Plumeria have widely spaced, thick succulent  branches with thin grey bark and a milky sap.  Like of lots of sap producing plants, it can irritate the eyes and cause dermatitis for folks that have sensitive skin. It's leaves are elongated in shape and are held in clusters near the branch tips.

The flowers come in a variety of colors including pink, red, white, and yellow, or pastel bicolors and smell amazing.  They are pollinated at night, so their fragrance is at it's nest in the evening, but they smell good anytime of day.

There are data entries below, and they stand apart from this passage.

section \<open>Principal vectors and the chordal distance\<close>

definition principal_pair ::
    "'a::real_inner set \<Rightarrow> 'a set \<Rightarrow> (nat \<Rightarrow> 'a) \<Rightarrow> (nat \<Rightarrow> 'a) \<Rightarrow> nat \<Rightarrow> bool" where
  "principal_pair p q u v i \<longleftrightarrow> u i \<in> p \<and> v i \<in> q \<and> norm (u i) = 1 \<and> norm (v i) = 1 \<and>
     (\<forall>j<i. orthogonal (u j) (u i) \<and> orthogonal (v j) (v i)) \<and>
     (\<forall>x y. x \<in> p \<and> y \<in> q \<and> norm x = 1 \<and> norm y = 1 \<and>
            (\<forall>j<i. orthogonal (u j) x \<and> orthogonal (v j) y) \<longrightarrow> \<bar>x \<bullet> y\<bar> \<le> \<bar>u i \<bullet> v i\<bar>)"

lemma principal_angles_iff:
  "principal_angles k p q \<theta> \<longleftrightarrow>
     (\<exists>u v. \<forall>i<k. principal_pair p q u v i \<and> \<theta> i = arccos \<bar>u i \<bullet> v i\<bar>)"
  unfolding principal_angles_def principal_pair_def by (simp only: conj_ac)

lemma principal_pairD:
  "principal_pair p q u v i \<Longrightarrow> u i \<in> p \<and> v i \<in> q \<and> norm (u i) = 1 \<and> norm (v i) = 1 \<and>
     (\<forall>j<i. orthogonal (u j) (u i) \<and> orthogonal (v j) (v i))"
  unfolding principal_pair_def by blast

lemma principal_pair_swap: "principal_pair p q u v i \<Longrightarrow> principal_pair q p v u i"
  unfolding principal_pair_def by (auto simp: inner_commute) (metis inner_commute)

lemma principal_pair_fun_upd:
  "i < k \<Longrightarrow> principal_pair p q (u(k := x)) (v(k := y)) i \<longleftrightarrow> principal_pair p q u v i"
  unfolding principal_pair_def by simp

lemma orthogonal_complement_meets_unit_sphere:
  fixes p :: "'a::euclidean_space set"
  assumes "subspace p" "finite U" "U \<subseteq> p" "card U < dim p"
  shows "p \<inter> {y. \<forall>x\<in>U. orthogonal x y} \<inter> sphere 0 1 \<noteq> {}"
proof -
  have "span U \<subseteq> span p"
    using assms(3) by (rule span_mono)
  moreover have "span U \<noteq> span p"
    using assms dim_le_card[OF span_superset assms(2)] by (metis dim_span not_le)
  ultimately obtain x where x: "x \<noteq> 0" "x \<in> span p" "\<And>y. y \<in> span U \<Longrightarrow> orthogonal x y"
    using orthogonal_to_subspace_exists_gen[of U p] by blast
  have "x /\<^sub>R norm x \<in> p"
    using x(2) assms(1) by (metis span_eq_iff subspace_scale)
  moreover have "orthogonal w (x /\<^sub>R norm x)" if "w \<in> U" for w
    using x(3)[OF span_base[OF that]] by (simp add: orthogonal_def inner_commute)
  ultimately have "x /\<^sub>R norm x \<in> p \<inter> {y. \<forall>x\<in>U. orthogonal x y} \<inter> sphere 0 1"
    using x(1) by simp
  then show ?thesis
    by blast
qed

lemma abs_inner_attains_max:
  fixes P Q :: "'a::euclidean_space set"
  assumes "closed P" "closed Q" "P \<inter> sphere 0 1 \<noteq> {}" "Q \<inter> sphere 0 1 \<noteq> {}"
  obtains x y where "x \<in> P" "norm x = 1" "y \<in> Q" "norm y = 1"
    "\<And>x' y'. x' \<in> P \<Longrightarrow> norm x' = 1 \<Longrightarrow> y' \<in> Q \<Longrightarrow> norm y' = 1 \<Longrightarrow> \<bar>x' \<bullet> y'\<bar> \<le> \<bar>x \<bullet> y\<bar>"
proof -
  let ?S = "(P \<inter> sphere 0 1) \<times> (Q \<inter> sphere 0 1)"
  have "compact ?S"
    using assms(1,2) by (intro compact_Times closed_Int_compact compact_sphere)
  moreover have "?S \<noteq> {}"
    using assms(3,4) by simp
  moreover have "continuous_on ?S (\<lambda>z. \<bar>fst z \<bullet> snd z\<bar>)"
    by (intro continuous_intros)
  ultimately have "\<exists>z\<in>?S. \<forall>z'\<in>?S. \<bar>fst z' \<bullet> snd z'\<bar> \<le> \<bar>fst z \<bullet> snd z\<bar>"
    by (rule continuous_attains_sup)
  then obtain x y where "(x, y) \<in> ?S" and "\<forall>z'\<in>?S. \<bar>fst z' \<bullet> snd z'\<bar> \<le> \<bar>x \<bullet> y\<bar>"
    by auto
  then show ?thesis
    by (intro that) auto
qed
(* Let $(X_t)_{t\ge 0}$ be the gamma process with parameters $a=b=1$, so that for each $t>0$ the random variable $X_t$ has density $x^{t-1}e^{-x}/\Gamma(t)$ on $(0,\infty)$. Then for every $N\in\mathbb{N}$ there is a constant $C_N$ such that for all sufficiently large $t$, \[ \bigl|\,\mathbb{E}\,\zeta(1/2+iX_t) - 1\,\bigr| \le C_N\, t^{-N}, \] i.e. $\mathbb{E}\,\zeta(1/2+iX_t) = 1 + O(t^{-N})$.
   Context: $\zeta$ denotes the Riemann zeta function. The gamma process with parameters $a=b=1$ has time-$t$ marginal with density $x^{t-1}e^{-x}/\Gamma(t)$ on $(0,\infty)$ and characteristic function $\mathbb{E}e^{iuX_t}=(1-iu)^{-t}$. *)

theory Defs
  imports "HOL-Probability.Probability"
begin

text \<open>Riemann zeta function: the value at s of the (unique) holomorphic continuation
  to the punctured plane of the Dirichlet series sum n^(-s), Re s > 1.
  (At s = 1 the value is unspecified.)\<close>
definition riemann_zeta :: "complex \<Rightarrow> complex" where
  "riemann_zeta s = (THE z. \<exists>f. f holomorphic_on (- {1}) \<and>
       (\<forall>w. 1 < Re w \<longrightarrow> f w = (\<Sum>n. 1 / (of_nat (Suc n)) powr w)) \<and> f s = z)"

definition gamma_density :: "real \<Rightarrow> real \<Rightarrow> real" where
  "gamma_density t x = (if 0 < x then x powr (t - 1) * exp (- x) / Gamma t else 0)"

end

theory Submission
  imports Defs "HOL-Complex_Analysis.Complex_Analysis" "HOL-Real_Asymp.Real_Asymp"
begin

text \<open>
  Let \<open>T\<^sub>n(s) = n^-s - \<integral>\<^sub>n\<^sup>n\<^sup>+\<^sup>1 x^-s dx\<close>. For \<open>Re s > 1\<close> these terms telescope to
  \<open>\<Sum>\<^sub>n\<^sub>\<ge>\<^sub>2 T\<^sub>n(s) = \<zeta>(s) - 1 - 2^(1-s)/(s-1)\<close>, while the binomial series expands \<open>T\<^sub>n(s)\<close>
  in the powers \<open>n^(-s-k-1)\<close>, \<open>k \<ge> 0\<close>. Summing over \<open>n\<close> expresses \<open>(s - 1)(\<zeta>(s) - 1)\<close>
  through the values \<open>\<zeta>(s + k + 1) - 1\<close>, a recursion that continues \<open>\<zeta>\<close> to \<open>\<complex> - {1}\<close> one
  vertical strip at a time. Since \<open>|T\<^sub>n(s)| \<le> |s| n^(-Re s - 1)\<close>, the telescoped series also shows
  \<open>|\<zeta>(s) - 1| = O(|s|)\<close> for \<open>Re s \<ge> 1/2\<close> away from the pole, and \<open>\<zeta>(s) - 1 = O(2^-Re s)\<close>.

  The expectation is \<open>1 + \<Gamma>(t)\<^sup>-\<^sup>1 \<integral>\<^sub>0\<^sup>\<infinity> (\<zeta>(1/2 + ix) - 1) x^(t-1) e^-x dx\<close>. By Cauchy's theorem
  the ray of integration may be turned to the direction \<open>w = (1 - i)/c\<close>, \<open>c = 1 + ln 2\<close>. On the
  rotated ray \<open>Re (1/2 + iwx) = 1/2 + x/c\<close>, and the decay \<open>2^(-x/c)\<close> of \<open>\<zeta> - 1\<close> makes up exactly
  for the loss \<open>|e^-wx| = e^(-x/c)\<close>. The rotated integrand is therefore bounded by a multiple of
  \<open>|w|^t (1 + x) x^(t-1) e^-x\<close>, so the error is \<open>O((1 + t) |w|^t)\<close> with \<open>|w| = \<surd>2/(1 + ln 2) < 1\<close>.
\<close>

lemma norm_of_nat_powr: "norm (of_nat m powr (s::complex)) = real m powr Re s"
  by (subst norm_powr_real_powr) auto
(* Let $\Omega\in\mathcal{A}(r,L,R)$, let $e_1,\dots,e_M$ be electrodes with extended electrodes $\tilde e_1,\dots,\tilde e_M$. Then $E\circ P$, regarded as a bounded operator on $L^2_\ast(\partial\Omega)$, is the adjoint of $Q$, regarded as a bounded operator on $L^2_\ast(\partial\Omega)$; i.e. $\int_{\partial\Omega}(E\circ P)[f]\,g=\int_{\partial\Omega}f\,Q[g]$ for all $f,g\in L^2_\ast(\partial\Omega)$. In particular, $$\|\mathbbm{1}-E\circ P\|_{\mathcal{L}(H^{1/2}_\ast(\partial\Omega),L^2_\ast(\partial\Omega))}=\|\mathbbm{1}-Q\|_{\mathcal{L}(L^2_\ast(\partial\Omega),H^{-1/2}_\ast(\partial\Omega))}.$$
   Context: $N\ge2$; $\Omega\in\mathcal{A}(r,L,R)$ means: $\Omega\subset B_R(0)$ is a bounded domain such that for every $x\in\partial\Omega$, after a rigid change of coordinates, $\Omega\cap B_r(x)=\{y\in B_r(x):y_N<\varphi(y')\}$ with $\varphi$ Lipschitz of constant at most $L$. $L^2_\ast(\partial\Omega)$: $L^2(\partial\Omega)$ functions with zero mean. $H^1_\ast(\Omega)$: $u\in H^1(\Omega)$ with zero-mean trace. $H^{1/2}_\ast(\partial\Omega)$: traces of $H^1_\ast(\Omega)$ functions, with norm $\|\varphi\|=\inf\{\|\nabla u\|_{L^2(\Omega)}:u\in H^1_\ast(\Omega),\,u|_{\partial\Omega}=\varphi\}$. $H^{-1/2}_\ast(\partial\Omega)$: bounded linear functionals on $H^{1/2}(\partial\Omega)$ (trace space of $H^1(\Omega)$) vanishing on constants, normed by the dual norm of $H^{1/2}_\ast(\partial\Omega)$; $L^2_\ast(\partial\Omega)$ is embedded in it via $g\mapsto(\varphi\mapsto\int_{\partial\Omega}g\varphi)$. Electrodes: $e_1,\dots,e_M$ nonempty open pairwise disjoint subsets of $\partial\Omega$; $|e_m|=\mathcal{H}^{N-1}(e_m)$, $e=\bigcup_m e_m$. Extended electrodes: open sets $\tilde e_m\subset\partial\Omega$ with $e_m\subset\tilde e_m$, pairwise disjoint, and $\mathcal{H}^{N-1}(\partial\Omega\setminus\bigcup_m\tilde e_m)=0$. $PC=\{\sum_m \frac{I_m}{|e_m|}\chi_{e_m}: I\in\mathbb{R}^M\}$ with the $L^2(\partial\Omega)$ norm, $PC_\ast=PC\cap L^2_\ast(\partial\Omega)$; $\Phi:\mathbb{R}^M\to PC$, $\Phi(I)=\sum_m\frac{I_m}{|e_m|}\chi_{e_m}$. Operators: $Q(f)=\sum_m\frac{1}{|e_m|}\left(\int_{\tilde e_m}f\right)\chi_{e_m}$ for $f\in L^2(\partial\Omega)$; $P_e[f]=\sum_m(\fint_{e_m}f)\chi_{e_m}$; $P_{e\ast}[f]=f-(\fint_e f)\chi_e$ for $f\in PC$; $P=P_{e\ast}\circ P_e$; $P_\ast[f]=f-\fint_{\partial\Omega}f$; and for $\tilde V\in PC$ with $V=\Phi^{-1}(\tilde V)$, $E(\tilde V)=P_\ast\left[\sum_m\frac{V_m}{|e_m|}\chi_{\tilde e_m}\right]$. $\mathbbm{1}$ denotes the identity/inclusion. *)

theory Defs
  imports "HOL-Analysis.Analysis"
begin

definition hausdorff_const :: "real \<Rightarrow> real" where
  "hausdorff_const s = pi powr (s / 2) / Gamma (s / 2 + 1) / 2 powr s"

definition hausdorff_outer :: "real \<Rightarrow> 'a::euclidean_space set \<Rightarrow> ennreal" where
  "hausdorff_outer s A =
     (SUP \<delta>\<in>{0<..}. INF C\<in>{C :: nat \<Rightarrow> 'a set. A \<subseteq> (\<Union>i. C i) \<and>
                                (\<forall>i. bounded (C i) \<and> diameter (C i) \<le> \<delta>)}.
        (\<Sum>i. ennreal (hausdorff_const s * diameter (C i) powr s)))"

definition hausdorff_measure :: "real \<Rightarrow> 'a::euclidean_space measure" where
  "hausdorff_measure s = measure_of UNIV (sets borel) (hausdorff_outer s)"

definition bdry_measure :: "'a::euclidean_space set \<Rightarrow> 'a measure" where
  "bdry_measure \<Omega> = restrict_space (hausdorff_measure (real DIM('a) - 1)) (frontier \<Omega>)"

definition lip_domain_class :: "real \<Rightarrow> real \<Rightarrow> real \<Rightarrow> 'a::euclidean_space set \<Rightarrow> bool" where
  "lip_domain_class r L R \<Omega> \<longleftrightarrow>
     open \<Omega> \<and> connected \<Omega> \<and> \<Omega> \<noteq> {} \<and> \<Omega> \<subseteq> ball 0 R \<and>
     (\<forall>x\<in>frontier \<Omega>. \<exists>(T :: 'a \<Rightarrow> 'a) (b :: 'a) (\<phi> :: 'a \<Rightarrow> real).
        (\<forall>y z. dist (T y) (T z) = dist y z) \<and> surj T \<and> b \<in> Basis \<and>
        L-lipschitz_on {z. z \<bullet> b = 0} \<phi> \<and>
        \<Omega> \<inter> ball x r = {y \<in> ball x r. T y \<bullet> b < \<phi> (T y - (T y \<bullet> b) *\<^sub>R b)})"

text \<open>\<open>f\<close> is \<open>C^\<infinity>\<close> on the whole space, \<open>D ds\<close> being the iterated partial
  derivative along the list of basis directions \<open>ds\<close>.\<close>
definition smooth_with :: "('a::euclidean_space \<Rightarrow> real) \<Rightarrow> ('a list \<Rightarrow> 'a \<Rightarrow> real) \<Rightarrow> bool" where
  "smooth_with f D \<longleftrightarrow> D [] = f \<and>
     (\<forall>ds x. (D ds has_derivative (\<lambda>h. \<Sum>b\<in>Basis. (h \<bullet> b) * D (b # ds) x)) (at x))"

definition grad_of :: "('a::euclidean_space list \<Rightarrow> 'a \<Rightarrow> real) \<Rightarrow> 'a \<Rightarrow> 'a" where
  "grad_of D x = (\<Sum>b\<in>Basis. D [b] x *\<^sub>R b)"

definition test_fun :: "'a::euclidean_space set \<Rightarrow> ('a \<Rightarrow> real) \<Rightarrow> ('a list \<Rightarrow> 'a \<Rightarrow> real) \<Rightarrow> bool" where
  "test_fun \<Omega> \<psi> D \<longleftrightarrow> smooth_with \<psi> D \<and>
     compact (closure {x. \<psi> x \<noteq> 0}) \<and> closure {x. \<psi> x \<noteq> 0} \<subseteq> \<Omega>"

definition weak_gradient :: "'a::euclidean_space set \<Rightarrow> ('a \<Rightarrow> real) \<Rightarrow> ('a \<Rightarrow> 'a) \<Rightarrow> bool" where
  "weak_gradient \<Omega> u G \<longleftrightarrow>
     (\<forall>\<psi> D. test_fun \<Omega> \<psi> D \<longrightarrow> (\<forall>i\<in>Basis.
        integral\<^sup>L (lebesgue_on \<Omega>) (\<lambda>x. u x * D [i] x) =
        - integral\<^sup>L (lebesgue_on \<Omega>) (\<lambda>x. (G x \<bullet> i) * \<psi> x)))"

definition H1 :: "'a::euclidean_space set \<Rightarrow> ('a \<Rightarrow> real) \<Rightarrow> ('a \<Rightarrow> 'a) \<Rightarrow> bool" where
  "H1 \<Omega> u G \<longleftrightarrow>
     u \<in> borel_measurable (lebesgue_on \<Omega>) \<and> integrable (lebesgue_on \<Omega>) (\<lambda>x. (u x)\<^sup>2) \<and>
     G \<in> borel_measurable (lebesgue_on \<Omega>) \<and> integrable (lebesgue_on \<Omega>) (\<lambda>x. (norm (G x))\<^sup>2) \<and>
     weak_gradient \<Omega> u G"

definition L2 :: "'a measure \<Rightarrow> ('a \<Rightarrow> real) \<Rightarrow> bool" where
  "L2 M f \<longleftrightarrow> f \<in> borel_measurable M \<and> integrable M (\<lambda>x. (f x)\<^sup>2)"

definition L2star :: "'a measure \<Rightarrow> ('a \<Rightarrow> real) \<Rightarrow> bool" where
  "L2star M f \<longleftrightarrow> L2 M f \<and> integral\<^sup>L M f = 0"

definition L2norm :: "'a measure \<Rightarrow> ('a \<Rightarrow> real) \<Rightarrow> real" where
  "L2norm M f = sqrt (integral\<^sup>L M (\<lambda>x. (f x)\<^sup>2))"

definition trace_of :: "'a::euclidean_space set \<Rightarrow> ('a \<Rightarrow> real) \<Rightarrow> ('a \<Rightarrow> real) \<Rightarrow> bool" where
  "trace_of \<Omega> u \<phi> \<longleftrightarrow> L2 (bdry_measure \<Omega>) \<phi> \<and>
     (\<exists>G us Ds. H1 \<Omega> u G \<and> (\<forall>k. smooth_with (us k) (Ds k)) \<and>
        (\<lambda>k. integral\<^sup>L (lebesgue_on \<Omega>) (\<lambda>x. (us k x - u x)\<^sup>2) +
             integral\<^sup>L (lebesgue_on \<Omega>) (\<lambda>x. (norm (grad_of (Ds k) x - G x))\<^sup>2))
          \<longlonglongrightarrow> 0 \<and>
        (\<lambda>k. integral\<^sup>L (bdry_measure \<Omega>) (\<lambda>x. (us k x - \<phi> x)\<^sup>2)) \<longlonglongrightarrow> 0)"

If pollinated, a flower of the species can produce a hard, leathery looking, two-horned seed pod that is about 8 inches long with pointed ends. When mature, they split along the length of the pod to release the 20-60 winged seeds, usually in early spring.  Ours did not release its seeds in the spring, it decided to go a different direction.  When I checked on them recently, they had finally opened.  I gathered up a bunch of the seeds and I need to do a little research on how to grow them.

Plumeria are  propagated from seed or stem cuttings.  Like many plants the only way to maintain named selections or cultivars is to use the cutting method as these plants will not come true from seed. A stem cutting is a 12-18 inch cuttings of leafless stem tips taken in the spring.  Once cut, you need to allow the cut end to dry before planting in well-drained soil. It will take one to three years for cuttings to bloom, and three or more years for plants grown from seed.

They aren't particularly fussy assuming you have a plan for the cold weather months.  We bring ours into the greenhouse, but in warmer climates they can stay out all year.  Once night temperatures start reaching the 40's your Plumeria will need to be brought in.  Plumeria need full sun, warm temperatures, and appropriate moisture to thrive. They need well-drained soil that doesn’t dry out and doesn’t remain soggy, otherwise they may rot.

I'm really excited to try to germinate the seeds from this plant.  While they won't look the same as this one, I'm almost more excited to see how they look!


  1. It's beautiful! I've tried and failed to grow Plumerias a few times. I've got one in a pot now but it's probably not getting enough sun - or water.

    1. We killed one in New York, but this one seems to be doing well. Now I need to try to germinate the seeds I collected from ours.